(* Let $F$ be a positive integer and let $p$ be the least positive integer such that $p\nmid F$. Then $$\min\{\mathrm{g}(S)\mid S\in\mathrm{Sat}(F)\}=F-\left\lfloor \frac{F}{p}\right\rfloor.$$
   Context: A numerical semigroup is a subset $S\subseteq\mathbb{N}$ closed under addition, containing $0$, with $\mathbb{N}\setminus S$ finite. Its genus $\mathrm{g}(S)$ is the cardinality of $\mathbb{N}\setminus S$, and its Frobenius number $\mathrm{F}(S)$ is the largest integer not in $S$. For $A\subseteq\mathbb{N}$ and $a\in A$, let $\mathrm{d}_A(a)=\gcd\{x\in A\mid x\le a\}$. A numerical semigroup $S$ is saturated if $s+\mathrm{d}_S(s)\in S$ for all $s\in S\setminus\{0\}$. For a positive integer $F$, $\mathrm{Sat}(F)$ denotes the set of all saturated numerical semigroups $S$ with $\mathrm{F}(S)=F$. *)

theory Defs
  imports Main
begin

definition numerical_semigroup :: "nat set \<Rightarrow> bool" where
  "numerical_semigroup S \<longleftrightarrow> 0 \<in> S \<and> (\<forall>x\<in>S. \<forall>y\<in>S. x + y \<in> S) \<and> finite (UNIV - S)"

definition genus :: "nat set \<Rightarrow> nat" where
  "genus S = card (UNIV - S)"

(* Frobenius number: largest integer not in S (only meaningful when S \<noteq> UNIV) *)
definition frobenius :: "nat set \<Rightarrow> nat" where
  "frobenius S = Max (UNIV - S)"

definition dA :: "nat set \<Rightarrow> nat \<Rightarrow> nat" where
  "dA A a = Gcd {x \<in> A. x \<le> a}"

definition saturated :: "nat set \<Rightarrow> bool" where
  "saturated S \<longleftrightarrow> numerical_semigroup S \<and> (\<forall>s \<in> S - {0}. s + dA S s \<in> S)"

definition Sat :: "nat \<Rightarrow> nat set set" where
  "Sat F = {S. saturated S \<and> S \<noteq> UNIV \<and> frobenius S = F}"

end

theory Submission
  imports Defs
begin

text \<open>
  Let \<open>S \<in> Sat F\<close> and let \<open>m\<close> be its largest nonzero element below \<open>F\<close>. Saturation puts
  \<open>m + d\<^sub>S(m)\<close> into \<open>S\<close>, and by maximality of \<open>m\<close> it lies beyond \<open>F\<close>; hence \<open>d\<^sub>S(m)\<close>, which divides
  every element of \<open>S\<close> below \<open>F\<close>, cannot divide \<open>F\<close>, so \<open>d\<^sub>S(m) \<ge> p\<close> and \<open>S\<close> has at most
  \<open>\<lfloor>F/p\<rfloor>\<close> nonzero elements below \<open>F\<close>. The bound is attained by the multiples of \<open>p\<close> below \<open>F\<close>
  together with all integers above \<open>F\<close>.
\<close>

lemma card_multiples_atLeastAtMost:
  fixes d n :: nat
  assumes "d > 0"
  shows "card {x \<in> {1..n}. d dvd x} = n div d"
proof -
  have "{x \<in> {1..n}. d dvd x} = (*) d ` {1..n div d}"
  proof (intro set_eqI iffI)
    fix x assume "x \<in> {x \<in> {1..n}. d dvd x}"
    then obtain k where x: "x = d * k" "1 \<le> d * k" "d * k \<le> n" by auto
    then have "k \<in> {1..n div d}"
      using assms by (auto simp: less_eq_div_iff_mult_less_eq mult.commute intro: Suc_leI)
    then show "x \<in> (*) d ` {1..n div d}" using x by blast
  next
    fix x assume "x \<in> (*) d ` {1..n div d}"
    then obtain k where k: "1 \<le> k" "k \<le> n div d" and x: "x = d * k" by auto
    have "d * k \<le> n" using k(2) assms by (simp add: less_eq_div_iff_mult_less_eq mult.commute)
    then show "x \<in> {x \<in> {1..n}. d dvd x}" using k(1) assms x by auto
  qed
  moreover have "inj_on ((*) d) {1..n div d}" using assms by (auto simp: inj_on_def)
  ultimately show ?thesis by (simp add: card_image)
qed

lemma frobenius_not_mem:
  assumes "numerical_semigroup S" "S \<noteq> UNIV"
  shows "frobenius S \<notin> S"
proof -
  have "finite (UNIV - S)" "UNIV - S \<noteq> {}"
    using assms by (auto simp: numerical_semigroup_def)
  then show ?thesis unfolding frobenius_def using Max_in by blast
qed

lemma mem_if_frobenius_less:
  assumes "numerical_semigroup S" "frobenius S < x"
  shows "x \<in> S"
proof (rule ccontr)
  assume "x \<notin> S"
  then have "x \<le> frobenius S"
    using assms(1) unfolding numerical_semigroup_def frobenius_def by (intro Max_ge) auto
  then show False using assms(2) by simp
qed

lemma frobenius_pos:
  assumes "numerical_semigroup S" "S \<noteq> UNIV"
  shows "frobenius S > 0"
  using frobenius_not_mem[OF assms] assms(1)
  by (auto simp: numerical_semigroup_def intro: gr0I)

lemma genus_eq_card_small_elements:
  assumes "numerical_semigroup S" "S \<noteq> UNIV"
  shows "genus S = frobenius S - card ({1..frobenius S} \<inter> S)"
proof -
  have "UNIV - S \<subseteq> {1..frobenius S}"
  proof
    fix x assume "x \<in> UNIV - S"
    moreover have "0 \<in> S" using assms(1) by (simp add: numerical_semigroup_def)
    ultimately have "x \<noteq> 0" by (metis DiffD2)
    moreover have "\<not> frobenius S < x"
      using \<open>x \<in> UNIV - S\<close> mem_if_frobenius_less[OF assms(1)] by blast
    ultimately show "x \<in> {1..frobenius S}" by simp
  qed
  then have "UNIV - S = {1..frobenius S} - ({1..frobenius S} \<inter> S)" by blast
  then show ?thesis
    unfolding genus_def by (simp add: card_Diff_subset)
qed

lemma saturated_common_divisor_below_frobenius:
  assumes sat: "saturated S" and "S \<noteq> UNIV"
  defines "F \<equiv> frobenius S"
  obtains d where "d > 0" "\<not> d dvd F" "\<And>x. x \<in> S \<Longrightarrow> x < F \<Longrightarrow> d dvd x"
proof (cases "{1..<F} \<inter> S = {}")
  case True
  have "F > 0" using frobenius_pos assms by (simp add: saturated_def)
  then have "\<not> Suc F dvd F" by (auto dest: dvd_imp_le)
  moreover have "Suc F dvd x" if "x \<in> S" "x < F" for x
  proof -
    have "x \<notin> {1..<F}" using True that(1) by blast
    then have "x = 0" using that(2) by simp
    then show ?thesis by simp
  qed
  ultimately show ?thesis using that by blast
next
  case False
  have ns: "numerical_semigroup S" using sat by (simp add: saturated_def)
  have FnS: "F \<notin> S" using frobenius_not_mem[OF ns \<open>S \<noteq> UNIV\<close>] by (simp add: F_def)
  define m where "m = Max ({1..<F} \<inter> S)"
  have m: "m \<in> {1..<F} \<inter> S" unfolding m_def using False by (intro Max_in) auto
  have m_max: "x \<le> m" if "x \<in> {1..<F} \<inter> S" for x unfolding m_def using that by (intro Max_ge) auto
  define d where "d = dA S m"
  have d_dvd: "d dvd x" if "x \<in> S" "x \<le> m" for x
    unfolding d_def dA_def using that by (intro Gcd_dvd) auto
  have "d > 0"
    using d_dvd[of m] m by (intro gr0I) auto
  have md: "m + d \<in> S" using sat m unfolding saturated_def d_def by auto
  have "\<not> d dvd F"
  proof
    assume "d dvd F"
    then have "d dvd F - m" using d_dvd[of m] m by (simp add: dvd_diff_nat)
    then have "m + d \<le> F" using m by (auto dest: dvd_imp_le)
    then have "m + d \<in> {1..<F} \<inter> S" using md FnS m by (cases "m + d = F") auto
    then show False using m_max \<open>d > 0\<close> by fastforce
  qed
  moreover have "d dvd x" if "x \<in> S" "x < F" for x
    using that m_max[of x] d_dvd[of x] by (cases "x = 0") auto
  ultimately show ?thesis using that \<open>d > 0\<close> by blast
qed

lemma genus_lower_bound_Sat:
  fixes F p :: nat
  assumes p_least: "\<And>d. d > 0 \<Longrightarrow> \<not> d dvd F \<Longrightarrow> p \<le> d" and "p > 0" and S: "S \<in> Sat F"
  shows "F - F div p \<le> genus S"
proof -
  have sat: "saturated S" and "S \<noteq> UNIV" and F: "frobenius S = F"
    using S by (auto simp: Sat_def)
  have ns: "numerical_semigroup S" using sat by (simp add: saturated_def)
  obtain d where "d > 0" "\<not> d dvd F" and d_dvd: "\<And>x. x \<in> S \<Longrightarrow> x < F \<Longrightarrow> d dvd x"
    using saturated_common_divisor_below_frobenius[OF sat \<open>S \<noteq> UNIV\<close>] F by metis
  have "F \<notin> S" using frobenius_not_mem[OF ns \<open>S \<noteq> UNIV\<close>] F by simp
  then have "{1..F} \<inter> S \<subseteq> {x \<in> {1..F}. d dvd x}"
    using d_dvd by (fastforce simp: le_less)
  then have "card ({1..F} \<inter> S) \<le> F div d"
    using card_mono[of "{x \<in> {1..F}. d dvd x}"] card_multiples_atLeastAtMost[OF \<open>d > 0\<close>] by auto
  also have "\<dots> \<le> F div p" using p_least \<open>d > 0\<close> \<open>\<not> d dvd F\<close> \<open>p > 0\<close> by (simp add: div_le_mono2)
  finally show ?thesis
    using genus_eq_card_small_elements[OF ns \<open>S \<noteq> UNIV\<close>] F by simp
qed

definition multiples_below_semigroup :: "nat \<Rightarrow> nat \<Rightarrow> nat set" where
  "multiples_below_semigroup p F = {x. p dvd x \<and> x < F} \<union> {x. F < x}"

lemma mem_multiples_below_semigroup_iff:
  assumes "\<not> p dvd F"
  shows "x \<in> multiples_below_semigroup p F \<longleftrightarrow> F < x \<or> p dvd x"
  using assms by (cases x F rule: linorder_cases) (auto simp: multiples_below_semigroup_def)

lemma multiples_below_semigroup_in_Sat:
  fixes F p :: nat
  assumes "\<not> p dvd F" and "F > 0"
  shows "multiples_below_semigroup p F \<in> Sat F"
proof -
  let ?S = "multiples_below_semigroup p F"
  note mem = mem_multiples_below_semigroup_iff[OF \<open>\<not> p dvd F\<close>]
  have compl: "UNIV - ?S = {x \<in> {1..F}. \<not> p dvd x}"
    using \<open>\<not> p dvd F\<close> by (auto simp: mem Suc_le_eq intro: gr0I)
  have ns: "numerical_semigroup ?S"
    unfolding numerical_semigroup_def
  proof (intro conjI ballI)
    show "0 \<in> ?S" by (simp add: mem)
    show "finite (UNIV - ?S)" unfolding compl by simp
  next
    fix x y assume "x \<in> ?S" "y \<in> ?S"
    then show "x + y \<in> ?S" unfolding mem by auto
  qed
  have "s + dA ?S s \<in> ?S" if "s \<in> ?S" for s
  proof (cases "F < s")
    case True
    then show ?thesis by (simp add: mem)
  next
    case False
    then have "p dvd s" using that by (simp add: mem)
    moreover have "p dvd dA ?S s"
      unfolding dA_def using False by (intro Gcd_greatest) (auto simp: mem)
    ultimately show ?thesis by (simp add: mem)
  qed
  then have "saturated ?S"
    using ns by (simp add: saturated_def)
  moreover have "frobenius ?S = F"
    unfolding frobenius_def compl using \<open>F > 0\<close> \<open>\<not> p dvd F\<close> by (intro Max_eqI) auto
  moreover have "?S \<noteq> UNIV"
    using \<open>\<not> p dvd F\<close> mem[of F] by blast
  ultimately show ?thesis by (simp add: Sat_def)
qed

lemma genus_multiples_below_semigroup:
  fixes F p :: nat
  assumes "\<not> p dvd F" and "p > 0" and "F > 0"
  shows "genus (multiples_below_semigroup p F) = F - F div p"
proof -
  have "multiples_below_semigroup p F \<in> Sat F"
    using multiples_below_semigroup_in_Sat assms by blast
  then have "genus (multiples_below_semigroup p F) = F - card ({1..F} \<inter> multiples_below_semigroup p F)"
    using genus_eq_card_small_elements by (auto simp: Sat_def saturated_def)
  also have "{1..F} \<inter> multiples_below_semigroup p F = {x \<in> {1..F}. p dvd x}"
    using assms by (auto simp: mem_multiples_below_semigroup_iff)
  finally show ?thesis using card_multiples_atLeastAtMost[OF \<open>p > 0\<close>] by simp
qed

theorem corollary32:
  fixes F p :: nat
  assumes "F > 0"
    and "p = (LEAST q. q > 0 \<and> \<not> q dvd F)"
  shows "Min (genus ` Sat F) = F - F div p"
proof -
  have "Suc F > 0 \<and> \<not> Suc F dvd F" using assms(1) by (auto dest: dvd_imp_le)
  then have "p > 0 \<and> \<not> p dvd F" unfolding assms(2) by (rule LeastI[of _ "Suc F"])
  then have p: "p > 0" "\<not> p dvd F" by auto
  have p_least: "p \<le> d" if "d > 0" "\<not> d dvd F" for d
    unfolding assms(2) by (rule Least_le) (use that in simp)
  have "genus ` Sat F \<subseteq> {..F}"
    using genus_eq_card_small_elements unfolding Sat_def saturated_def by fastforce
  then have "finite (genus ` Sat F)" using finite_subset by blast
  moreover have "F - F div p \<in> genus ` Sat F"
    using multiples_below_semigroup_in_Sat[OF p(2) assms(1)]
      genus_multiples_below_semigroup[OF p(2) p(1) assms(1)] by (metis image_eqI)
  moreover have "F - F div p \<le> g" if "g \<in> genus ` Sat F" for g
    using that genus_lower_bound_Sat[OF p_least p(1)] by auto
  ultimately show ?thesis by (intro Min_eqI)
qed

end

=-=-=

Everything in the material above from the line that has "using assms by (auto simp: numerical_semigroup_def)" through the line that has "using assms(1) unfolding" must be duplicated exactly, with no other lines given.

- _Response for this exercise_
    using assms by (auto simp: numerical_semigroup_def)
  then show ?thesis unfolding frobenius_def using Max_in by blast
qed

lemma mem_if_frobenius_less:
  assumes "numerical_semigroup S" "frobenius S < x"
  shows "x \<in> S"
proof (rule ccontr)
  assume "x \<notin> S"
  then have "x \<le> frobenius S"
    using assms(1) unfolding numerical_semigroup_def frobenius_def by (intro Max_ge) auto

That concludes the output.